Alternate title: "Dead and Dumb" May 29, 2001
The British mystery author, Michael Innes a.k.a. John Innes Mackintosh Stewart wrote the introduction to "Swan Song," wherein he claims that Crispin solved the dilemma of the 'Great Detective versus the bumbling police' scenario that many Golden Age mystery authors had to contend with. The dilemma in a nutshell: why would a twentieth-century policeman, who was much more adept and scientifically trained than his counterpart in the late Victorian era of Sherlock and Mycroft, call in an amateur (no matter how intelligent) to help him with his inquiries?
According to Innes, "The Great Detective was, curiously, often a person of title, like Dorothy Sayers's Lord Peter Wimsey, or at least the familiar of persons of title. It is never easy to render plausible the acceptance of a meddlesome private investigator by a group of professional policemen standing round a corpse, and novelists appear to have felt that a lord will be better received..."
Innes himself wrote a series of mysteries starring the titled Sir John Appleby.
Crispin avoided the 'blue-blooded detective' solution. His detective, Gervase Fen is part of the same social milieu as the police. He is a professor of English literature at Oxford, but his cherished hobby is criminal investigation. His detective counterpart (Sir Richard Freeman in "Swan Song") has a passion for literary scholarship. Their dialogues (mainly disagreements) keep "Swan Song" swimming right along. It's definitely not a 'Great Detective versus bumbling policeman' relationship---it's more like two crotchety friends with mutual interests who keep running into each other in various Oxford pubs and murder scenes.
"Swan Song" starts out rather unpromisingly:
"There are few creatures more stupid than the average singer. It would appear that the fractional adjustment of larynx, glottis and sinuses required in the production of beautiful sounds must almost invariably be accompanied---so perverse are the habits of Providence---by the witlessness of a barnyard fowl."
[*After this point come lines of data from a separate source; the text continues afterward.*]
lemma no_orthogonal_roots_of_equal_height:
  assumes d_root: "d \<in> Roots" and a_root: "a \<in> Roots" and "\<langle>d, a\<rangle> = 0" and "ht n d = ht n a"
    and ij: "adj i j" and "\<langle>alpha i, d\<rangle> = 1" and "\<langle>alpha i, a\<rangle> = -1"
    and "\<langle>alpha j, d\<rangle> = -1" and "\<langle>alpha j, a\<rangle> = 1"
  shows False
proof -
  have i: "i \<in> N" and j: "j \<in> N" using adj_nodes[OF ij] by auto
  define e where "e = (\<lambda>k. d k - a k)"
  define r where "r = (\<lambda>k. e k - alpha i k)"
  have "\<langle>e, e\<rangle> = 4"
    using assms(3) root_form_self[OF d_root] root_form_self[OF a_root]
    unfolding e_def form_self_diff by simp
  moreover have "\<langle>e, alpha i\<rangle> = 2"
    using assms(6,7) form_commute[of e] unfolding e_def form_diff_right by simp
  ultimately have "\<langle>r, r\<rangle> = 2"
    unfolding r_def form_self_diff using form_alpha_alpha[OF i i] by (simp add: cartan_def)
  moreover have "ht n r = -1"
    unfolding r_def e_def ht_diff using assms(4) ht_alpha[OF i] by simp
  ultimately obtain k where k: "k \<in> N" "\<forall>l\<in>N. r l = - alpha k l"
    by (rule form_self_2_height_neg_1)
  have "\<langle>alpha j, r\<rangle> = \<langle>alpha j, - alpha k\<rangle>"
    using k(2) by (intro form_cong) auto
  then have "\<langle>alpha j, r\<rangle> = - cartan adj j k"
    by (simp add: form_uminus_right form_alpha_alpha[OF j k(1)])
  moreover have "\<langle>alpha j, r\<rangle> = -1"
    using assms(8,9) form_alpha_alpha[OF j i] cartan_adj[OF adj_sym[OF ij]]
    unfolding r_def e_def form_diff_right by simp
  ultimately show False by (auto simp: cartan_def split: if_splits)
qed

lemma act_act:
  assumes v: "v \<in> W" and w: "w \<in> W" and B: "B \<subseteq> Roots"
  shows "act n adj v (act n adj w B) = act n adj (v \<circ> w) B"
proof (intro set_eqI iffI)
  fix x assume "x \<in> act n adj v (act n adj w B)"
  then obtain b' b where x: "x \<in> Pos" "x = v b' \<or> x = - v b'"
    and b: "b \<in> B" "b' = w b \<or> b' = - w b"
    unfolding act_def by auto
  then have "x = v (w b) \<or> x = - v (w b)" by (auto simp: weyl_uminus[OF v])
  then show "x \<in> act n adj (v \<circ> w) B" using x b unfolding act_def by auto
next
  fix x assume "x \<in> act n adj (v \<circ> w) B"
  then obtain b where x: "x \<in> Pos" "x = v (w b) \<or> x = - v (w b)" and b: "b \<in> B"
    unfolding act_def by auto
  have "w b \<in> Pos \<or> - w b \<in> Pos" using root_pos_or_neg weyl_root b B w by blast
  then show "x \<in> act n adj v (act n adj w B)"
  proof
    assume "w b \<in> Pos"
    then have "w b \<in> act n adj w B" using b unfolding act_def by auto
    then show ?thesis using x unfolding act_def by auto
  next
    assume "- w b \<in> Pos"
    then have "- w b \<in> act n adj w B" using b unfolding act_def by auto
    moreover have "x = v (- w b) \<or> x = - v (- w b)" using x by (auto simp: weyl_uminus[OF v])
    ultimately show ?thesis using x unfolding act_def by blast
  qed
qed

end

text \<open>Unlike \<open>prec\<close>, this relation is transitive, so it survives the transitive closure in \<open>mless\<close>.\<close>

definition prec_witness :: "nat \<Rightarrow> (nat \<Rightarrow> int) set \<Rightarrow> (nat \<Rightarrow> int) set \<Rightarrow> bool" where
  "prec_witness n B C \<longleftrightarrow> (\<exists>x\<in>B - C. \<forall>y\<in>C - B. ht n x < ht n y)"
lemma divdiff_inverse:
  fixes x :: "'a \<Rightarrow> 'b::field"
  assumes "finite S" "S \<noteq> {}" "inj_on x S" "0 \<notin> x ` S"
  shows "divdiff x S (\<lambda>j. 1 / x j) = (-1) ^ (card S - 1) / (\<Prod>j\<in>S. x j)"
  using assms
proof (induction S rule: finite_ne_induct)
  case (insert u F)
  let ?S = "insert u F"
  have "card ?S = Suc (card F)" "card F \<noteq> 0" using insert by auto
  hence "divdiff x ?S (\<lambda>j. poly 1 (x j)) = 0"
    using divdiff_poly[OF _ insert.prems(1), of "card F" 1] insert.hyps(1) by simp
  hence const: "divdiff x ?S (\<lambda>_. 1) = 0" by simp
  have "divdiff x ?S (\<lambda>j. 1 / x j)
      = divdiff x ?S (\<lambda>j. 1 / x u * 1 + - (1 / x u) * (1 / x j * (x j - x u)))"
  proof (rule divdiff_cong)
    fix j assume "j \<in> ?S"
    hence "x j \<noteq> 0" "x u \<noteq> 0" using insert.prems(2) by auto
    thus "1 / x j = 1 / x u * 1 + - (1 / x u) * (1 / x j * (x j - x u))" by (simp add: field_simps)
  qed
  also have "\<dots> = 1 / x u * divdiff x ?S (\<lambda>_. 1) + - (1 / x u) * divdiff x ?S (\<lambda>j. 1 / x j * (x j - x u))"
    by (simp only: divdiff_add divdiff_cmult)
  also have "\<dots> = - (1 / x u) * divdiff x F (\<lambda>j. 1 / x j)"
    using divdiff_remove_node[OF _ insertI1 insert.prems(1), of "\<lambda>j. 1 / x j"] insert.hyps
    by (simp add: const)
  also have "\<dots> = (-1) ^ (card ?S - 1) / (\<Prod>j\<in>?S. x j)"
    using insert \<open>card F \<noteq> 0\<close> by (cases "card F") (auto intro: inj_on_subset)
  finally show ?case .
qed simp

lemma degree_prod_linear_le:
  assumes "finite M"
  shows "degree (\<Prod>m\<in>M. [:y m, c:]) \<le> card M"
proof -
  have "degree (\<Prod>m\<in>M. [:y m, c:]) \<le> (\<Sum>m\<in>M. degree [:y m, c:])"
    using degree_prod_sum_le[OF assms, of "\<lambda>m. [:y m, c:]"] by (simp only: comp_def)
  also have "\<dots> \<le> (\<Sum>m\<in>M. 1)"
    using degree_pCons_le[of "y _" "[:c:]"] by (intro sum_mono) simp
  finally show ?thesis by simp
qed
(* Let $G$ be a finite group and $X$ a finite $G$-poset. For all $n\ge 1$ there is an isomorphism of posets $X^{(n)}/G\cong(X'/G)^{(n-1)}$. If $X$ satisfies property (B), then $X^{(n)}/G\cong(X/G)^{(n)}$ for all $n\ge 0$.
   Context: A finite $G$-poset is a finite poset with a right action of $G$ by order-preserving maps. For a poset $Y$, $Y'$ is the poset of non-empty chains of $Y$ ordered by inclusion (with the induced componentwise $G$-action), and $Y^{(n)}$ is the $n$-th iterated subdivision ($Y^{(0)}=Y$, $Y^{(n)}=(Y^{(n-1)})'$). For a $G$-poset $Y$, $Y/G$ is the orbit poset: $\overline{y}\le\overline{z}$ iff some representatives satisfy $y_1\le z_1$. $X$ satisfies property (B) if whenever $\{v_0,\dots,v_n\}$ and $\{v_0^{g_0},\dots,v_n^{g_n}\}$ are both chains of $X$ with $g_i\in G$, there is $g\in G$ with $v_i^{g_i}=v_i^g$ for all $i$. *)

theory Defs
  imports "HOL-Algebra.Group" "HOL-Library.FSet"
begin

type_synonym 'a poset = "'a set \<times> ('a \<Rightarrow> 'a \<Rightarrow> bool)"

definition is_poset :: "'a set \<Rightarrow> ('a \<Rightarrow> 'a \<Rightarrow> bool) \<Rightarrow> bool" where
  "is_poset C r \<longleftrightarrow> (\<forall>x\<in>C. r x x) \<and>
     (\<forall>x\<in>C. \<forall>y\<in>C. r x y \<and> r y x \<longrightarrow> x = y) \<and>
     (\<forall>x\<in>C. \<forall>y\<in>C. \<forall>z\<in>C. r x y \<and> r y z \<longrightarrow> r x z)"

definition is_chain :: "'a set \<Rightarrow> ('a \<Rightarrow> 'a \<Rightarrow> bool) \<Rightarrow> 'a set \<Rightarrow> bool" where
  "is_chain C r S \<longleftrightarrow> S \<subseteq> C \<and> (\<forall>x\<in>S. \<forall>y\<in>S. r x y \<or> r y x)"

text \<open>Hereditarily finite sets over atoms: a uniform type hosting all iterated subdivisions.\<close>
datatype 'a hf = Atom 'a | HSet "'a hf fset"

definition atoms :: "'a poset \<Rightarrow> 'a hf poset" where
  "atoms P = (Atom ` fst P, \<lambda>u v. \<exists>x y. u = Atom x \<and> v = Atom y \<and> snd P x y)"

definition subdiv :: "'a hf poset \<Rightarrow> 'a hf poset" where
  "subdiv P = ({HSet s | s. s \<noteq> {||} \<and> is_chain (fst P) (snd P) (fset s)},
               \<lambda>u v. \<exists>s t. u = HSet s \<and> v = HSet t \<and> s |\<subseteq>| t)"

definition subdiv_n :: "nat \<Rightarrow> 'a hf poset \<Rightarrow> 'a hf poset" where
  "subdiv_n n P = (subdiv ^^ n) P"

definition hf_act :: "('a \<Rightarrow> 'g \<Rightarrow> 'a) \<Rightarrow> 'a hf \<Rightarrow> 'g \<Rightarrow> 'a hf" where
  "hf_act act y g = map_hf (\<lambda>x. act x g) y"

definition orbit_poset :: "('g, 'm) monoid_scheme \<Rightarrow> ('b \<Rightarrow> 'g \<Rightarrow> 'b) \<Rightarrow> 'b poset \<Rightarrow> 'b set poset" where
  "orbit_poset G act P = ((\<lambda>y. (\<lambda>g. act y g) ` carrier G) ` fst P,
      \<lambda>O1 O2. \<exists>y\<in>O1. \<exists>z\<in>O2. snd P y z)"

definition poset_iso :: "'a poset \<Rightarrow> 'b poset \<Rightarrow> bool" where
  "poset_iso P Q \<longleftrightarrow> (\<exists>f. bij_betw f (fst P) (fst Q) \<and>
      (\<forall>x\<in>fst P. \<forall>y\<in>fst P. snd P x y \<longleftrightarrow> snd Q (f x) (f y)))"

definition G_poset :: "('g, 'm) monoid_scheme \<Rightarrow> ('a \<Rightarrow> 'g \<Rightarrow> 'a) \<Rightarrow> 'a set \<Rightarrow> ('a \<Rightarrow> 'a \<Rightarrow> bool) \<Rightarrow> bool" where
  "G_poset G act X r \<longleftrightarrow> is_poset X r \<and>
     (\<forall>x\<in>X. \<forall>g\<in>carrier G. act x g \<in> X) \<and>
     (\<forall>x\<in>X. act x \<one>\<^bsub>G\<^esub> = x) \<and>
     (\<forall>x\<in>X. \<forall>g\<in>carrier G. \<forall>h\<in>carrier G. act (act x g) h = act x (g \<otimes>\<^bsub>G\<^esub> h)) \<and>
     (\<forall>x\<in>X. \<forall>y\<in>X. \<forall>g\<in>carrier G. r x y \<longrightarrow> r (act x g) (act y g))"

definition property_B :: "('g, 'm) monoid_scheme \<Rightarrow> ('a \<Rightarrow> 'g \<Rightarrow> 'a) \<Rightarrow> 'a set \<Rightarrow> ('a \<Rightarrow> 'a \<Rightarrow> bool) \<Rightarrow> bool" where
  "property_B G act X r \<longleftrightarrow>
     (\<forall>(n::nat) (v::nat \<Rightarrow> 'a) (gs::nat \<Rightarrow> 'g).
        inj_on v {..n} \<and> (\<forall>i\<in>{..n}. gs i \<in> carrier G) \<and>
        is_chain X r (v ` {..n}) \<and> is_chain X r ((\<lambda>i. act (v i) (gs i)) ` {..n})
        \<longrightarrow> (\<exists>g\<in>carrier G. \<forall>i\<in>{..n}. act (v i) (gs i) = act (v i) g))"

end

theory Submission
  imports Defs "HOL-Algebra.Multiplicative_Group"
begin

(* A finite group cannot move an element of a poset to a comparable one: x <= x h gives
   x <= x h <= x h^2 <= ... <= x h^(ord h) = x.  Consequently the orbit relation of a finite
   G-poset is a partial order, and every subdivision Y' has property (B): if the translates
   v_i g_i of a chain of chains v_i form a chain, they all lie in the largest one v_m g_m,
   and g_m alone already moves every v_i to v_i g_i.

   If Y has property (B), sending a chain of Y to the chain of its orbits induces an
   isomorphism Y'/G = (Y/G)': a chain of orbits lifts to a chain of Y by choosing
   representatives from the top down, and (B) turns an inclusion between the orbit sets of
   two chains into an inclusion of one chain in a translate of the other.  Iterating this
   along X^(n), starting from X' (which always has (B)) or, under (B), from X itself, gives
   both statements. *)

lemma poset_isoI_inverses:
  assumes "f ` fst P \<subseteq> fst Q" "g ` fst Q \<subseteq> fst P"
    and "\<And>x. x \<in> fst P \<Longrightarrow> g (f x) = x" "\<And>y. y \<in> fst Q \<Longrightarrow> f (g y) = y"
    and "monotone_on (fst P) (snd P) (snd Q) f" "monotone_on (fst Q) (snd Q) (snd P) g"
  shows "poset_iso P Q"
  unfolding poset_iso_def
proof (intro exI conjI)
  show "bij_betw f (fst P) (fst Q)"
    by (rule bij_betw_byWitness[where f' = g]) (use assms(1-4) in auto)
  show "\<forall>x\<in>fst P. \<forall>y\<in>fst P. snd P x y \<longleftrightarrow> snd Q (f x) (f y)"
  proof (intro ballI iffI)
    fix x y assume x: "x \<in> fst P" and y: "y \<in> fst P"
    show "snd Q (f x) (f y)" if "snd P x y"
      using monotone_onD[OF assms(5) x y that] .
    show "snd P x y" if "snd Q (f x) (f y)"
      using monotone_onD[OF assms(6) _ _ that] assms(1,3) x y by (simp add: image_subset_iff)
  qed
qed

lemma poset_isoE_inverses:
  assumes "poset_iso P Q"
  obtains f g where "f ` fst P \<subseteq> fst Q" "g ` fst Q \<subseteq> fst P"
    "\<And>x. x \<in> fst P \<Longrightarrow> g (f x) = x" "\<And>y. y \<in> fst Q \<Longrightarrow> f (g y) = y"
    "monotone_on (fst P) (snd P) (snd Q) f" "monotone_on (fst Q) (snd Q) (snd P) g"
proof -
  obtain f where f: "bij_betw f (fst P) (fst Q)"
    and ord: "\<forall>x\<in>fst P. \<forall>y\<in>fst P. snd P x y \<longleftrightarrow> snd Q (f x) (f y)"
    using assms unfolding poset_iso_def by blast
  let ?g = "inv_into (fst P) f"
  have g_into: "?g ` fst Q \<subseteq> fst P" and f_g: "\<And>y. y \<in> fst Q \<Longrightarrow> f (?g y) = y"
    using f by (auto simp: bij_betw_def inv_into_into f_inv_into_f)
  show thesis
  proof (rule that[of f ?g])
    show "f ` fst P \<subseteq> fst Q" "\<And>x. x \<in> fst P \<Longrightarrow> ?g (f x) = x"
      using f by (auto simp: bij_betw_def)
    show "monotone_on (fst P) (snd P) (snd Q) f"
      using ord by (simp add: monotone_on_def)
    show "monotone_on (fst Q) (snd Q) (snd P) ?g"
    proof (rule monotone_onI)
      fix y y' assume "y \<in> fst Q" "y' \<in> fst Q" "snd Q y y'"
      then show "snd P (?g y) (?g y')"
        using ord g_into f_g by (metis image_subset_iff)
    qed
  qed (use g_into f_g in auto)
qed

lemma poset_iso_sym: "poset_iso P Q \<Longrightarrow> poset_iso Q P"
  by (elim poset_isoE_inverses) (rule poset_isoI_inverses)

lemma poset_iso_trans [trans]:
  assumes "poset_iso P Q" "poset_iso Q R"
  shows "poset_iso P R"
proof -
  obtain f f' where f: "f ` fst P \<subseteq> fst Q" "f' ` fst Q \<subseteq> fst P"
    "\<And>x. x \<in> fst P \<Longrightarrow> f' (f x) = x" "\<And>y. y \<in> fst Q \<Longrightarrow> f (f' y) = y"
    "monotone_on (fst P) (snd P) (snd Q) f" "monotone_on (fst Q) (snd Q) (snd P) f'"
    using assms(1) by (rule poset_isoE_inverses) blast
  obtain g g' where g: "g ` fst Q \<subseteq> fst R" "g' ` fst R \<subseteq> fst Q"
    "\<And>x. x \<in> fst Q \<Longrightarrow> g' (g x) = x" "\<And>y. y \<in> fst R \<Longrightarrow> g (g' y) = y"
    "monotone_on (fst Q) (snd Q) (snd R) g" "monotone_on (fst R) (snd R) (snd Q) g'"
    using assms(2) by (rule poset_isoE_inverses) blast
  show ?thesis
  proof (rule poset_isoI_inverses[where f = "g \<circ> f" and g = "f' \<circ> g'"])
    show "monotone_on (fst P) (snd P) (snd R) (g \<circ> f)"
      using f(1,5) g(5) by (intro monotone_on_o) auto
    show "monotone_on (fst R) (snd R) (snd P) (f' \<circ> g')"
      using g(2,6) f(6) by (intro monotone_on_o) auto
  qed (use f g in \<open>auto simp: image_subset_iff\<close>)
qed

lemma poset_iso_atoms: "poset_iso P (atoms P)"
  by (rule poset_isoI_inverses[where f = Atom and g = "\<lambda>u. case u of Atom x \<Rightarrow> x"])
    (auto simp: atoms_def monotone_on_def)

lemma poset_iso_atoms_cong: "poset_iso P Q \<Longrightarrow> poset_iso (atoms P) (atoms Q)"
  by (meson poset_iso_atoms poset_iso_sym poset_iso_trans)

(* Only meaningful on elements HSet s of a subdivision; on an atom the case expression is
   unspecified. *)
definition chain_image :: "('a hf \<Rightarrow> 'b hf) \<Rightarrow> 'a hf \<Rightarrow> 'b hf" where
  "chain_image f u = HSet (f |`| (case u of HSet s \<Rightarrow> s))"

lemma chain_image_HSet [simp]: "chain_image f (HSet s) = HSet (f |`| s)"
  by (simp add: chain_image_def)

lemma subdiv_mem_iff:
  "u \<in> fst (subdiv P) \<longleftrightarrow> (\<exists>s. u = HSet s \<and> s \<noteq> {||} \<and> is_chain (fst P) (snd P) (fset s))"
  by (auto simp: subdiv_def)

lemma subdiv_le_iff [simp]: "snd (subdiv P) (HSet s) (HSet t) \<longleftrightarrow> fset s \<subseteq> fset t"
  by (simp add: subdiv_def less_eq_fset.rep_eq)

lemma is_chain_image:
  assumes "is_chain A r S" "f ` A \<subseteq> B" "monotone_on A r r' f"
  shows "is_chain B r' (f ` S)"
  using assms unfolding is_chain_def monotone_on_def by blast

lemma chain_image_in_subdiv:
  assumes "u \<in> fst (subdiv P)" "f ` fst P \<subseteq> fst Q" "monotone_on (fst P) (snd P) (snd Q) f"
  shows "chain_image f u \<in> fst (subdiv Q)"
  using assms is_chain_image by (fastforce simp: subdiv_mem_iff fimage.rep_eq)

lemma chain_image_mono:
  "snd (subdiv P) u v \<Longrightarrow> snd (subdiv Q) (chain_image f u) (chain_image f v)"
  by (auto simp: subdiv_def fimage_mono)

lemma chain_image_cong:
  assumes "u \<in> fst (subdiv P)" "\<And>x. x \<in> fst P \<Longrightarrow> f x = g x"
  shows "chain_image f u = chain_image g u"
  using assms unfolding subdiv_mem_iff is_chain_def by (force intro!: fset.map_cong)

lemma chain_image_comp: "u \<in> fst (subdiv P) \<Longrightarrow> chain_image f (chain_image g u) = chain_image (f \<circ> g) u"
  by (auto simp: subdiv_mem_iff)

lemma chain_image_id:
  assumes "u \<in> fst (subdiv P)" "\<And>x. x \<in> fst P \<Longrightarrow> f x = x"
  shows "chain_image f u = u"
  using chain_image_cong[OF assms, of id] assms(1) by (auto simp: subdiv_mem_iff)

lemma poset_iso_subdiv:
  assumes "poset_iso P Q"
  shows "poset_iso (subdiv P) (subdiv Q)"
proof -
  obtain f g where fg: "f ` fst P \<subseteq> fst Q" "g ` fst Q \<subseteq> fst P"
    "\<And>x. x \<in> fst P \<Longrightarrow> g (f x) = x" "\<And>y. y \<in> fst Q \<Longrightarrow> f (g y) = y"
    "monotone_on (fst P) (snd P) (snd Q) f" "monotone_on (fst Q) (snd Q) (snd P) g"
    using assms by (rule poset_isoE_inverses) blast
  show ?thesis
  proof (rule poset_isoI_inverses[where f = "chain_image f" and g = "chain_image g"])
    show "chain_image g (chain_image f u) = u" if "u \<in> fst (subdiv P)" for u
      using that fg(3) by (simp add: chain_image_comp chain_image_id)
    show "chain_image f (chain_image g v) = v" if "v \<in> fst (subdiv Q)" for v
      using that fg(4) by (simp add: chain_image_comp chain_image_id)
    show "monotone_on (fst (subdiv P)) (snd (subdiv P)) (snd (subdiv Q)) (chain_image f)"
      "monotone_on (fst (subdiv Q)) (snd (subdiv Q)) (snd (subdiv P)) (chain_image g)"
      by (auto intro!: monotone_onI chain_image_mono)
    show "chain_image f ` fst (subdiv P) \<subseteq> fst (subdiv Q)"
      using chain_image_in_subdiv[OF _ fg(1,5)] by blast
    show "chain_image g ` fst (subdiv Q) \<subseteq> fst (subdiv P)"
      using chain_image_in_subdiv[OF _ fg(2,6)] by blast
  qed
qed

lemma subdiv_n_Suc: "subdiv_n (Suc n) P = subdiv_n n (subdiv P)"
  by (simp add: subdiv_n_def funpow_Suc_right del: funpow.simps)

lemma poset_iso_subdiv_n: "poset_iso P Q \<Longrightarrow> poset_iso (subdiv_n n P) (subdiv_n n Q)"
  by (induction n) (simp_all add: subdiv_n_def poset_iso_subdiv)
I would have thought that the above statement applied to tenors and sopranos only (singing in such a high register seems to destroy their brain cells), but it is the bass in "Swan Song" who sets himself up for murder. Several members of "Die Meistersinger von Nürnberg" cast have good reasons for wishing Edwin Shorthouse dead, in spite of his voice and its drawing power.
Even his composer-brother has a motive for killing the bass, and after a meeting with him, Fen is also made to question the intelligence of composers: "As a general rule, composers aren't the brightest of mortals, except where music's concerned."
Since Crispin himself composed music, it might be better if the reader did not take his commentary on the intelligence of musicians too seriously!
One of my favorite characters from "The Moving Toyshop" shows up in "Swan Song"-the deaf and (according to Fen) senile Professor Wilkes who makes a habit of stealing Fen's whisky. He and Fen are always good for a round or two of acrimonious repartee whenever they meet.
A third dialogue element that threads merrily through the book is a crime writer's attempt to interview Fen about his most famous cases. Every time Fen clears his throat and begins, "The era of my greatest successes..." someone is bound to interrupt him.
We never do get to learn what Fen considers his greatest successes, but surely the outcome of "Swan Song" must be counted among them.
NOTE: "Swan Song" was also published under the title "Dead and Dumb."
Fantastic story with twists and turns of the first order! Apr 17, 1998
The ubiquitous Gervaise Fen finds himself literally "on stage" and proves again that his powers of observation and deduction are second to none. The language and style of Crispin are reminiscent of Dorothy Sayers and are fully as entertaining. Great vacation reading, as it is very hard to put down.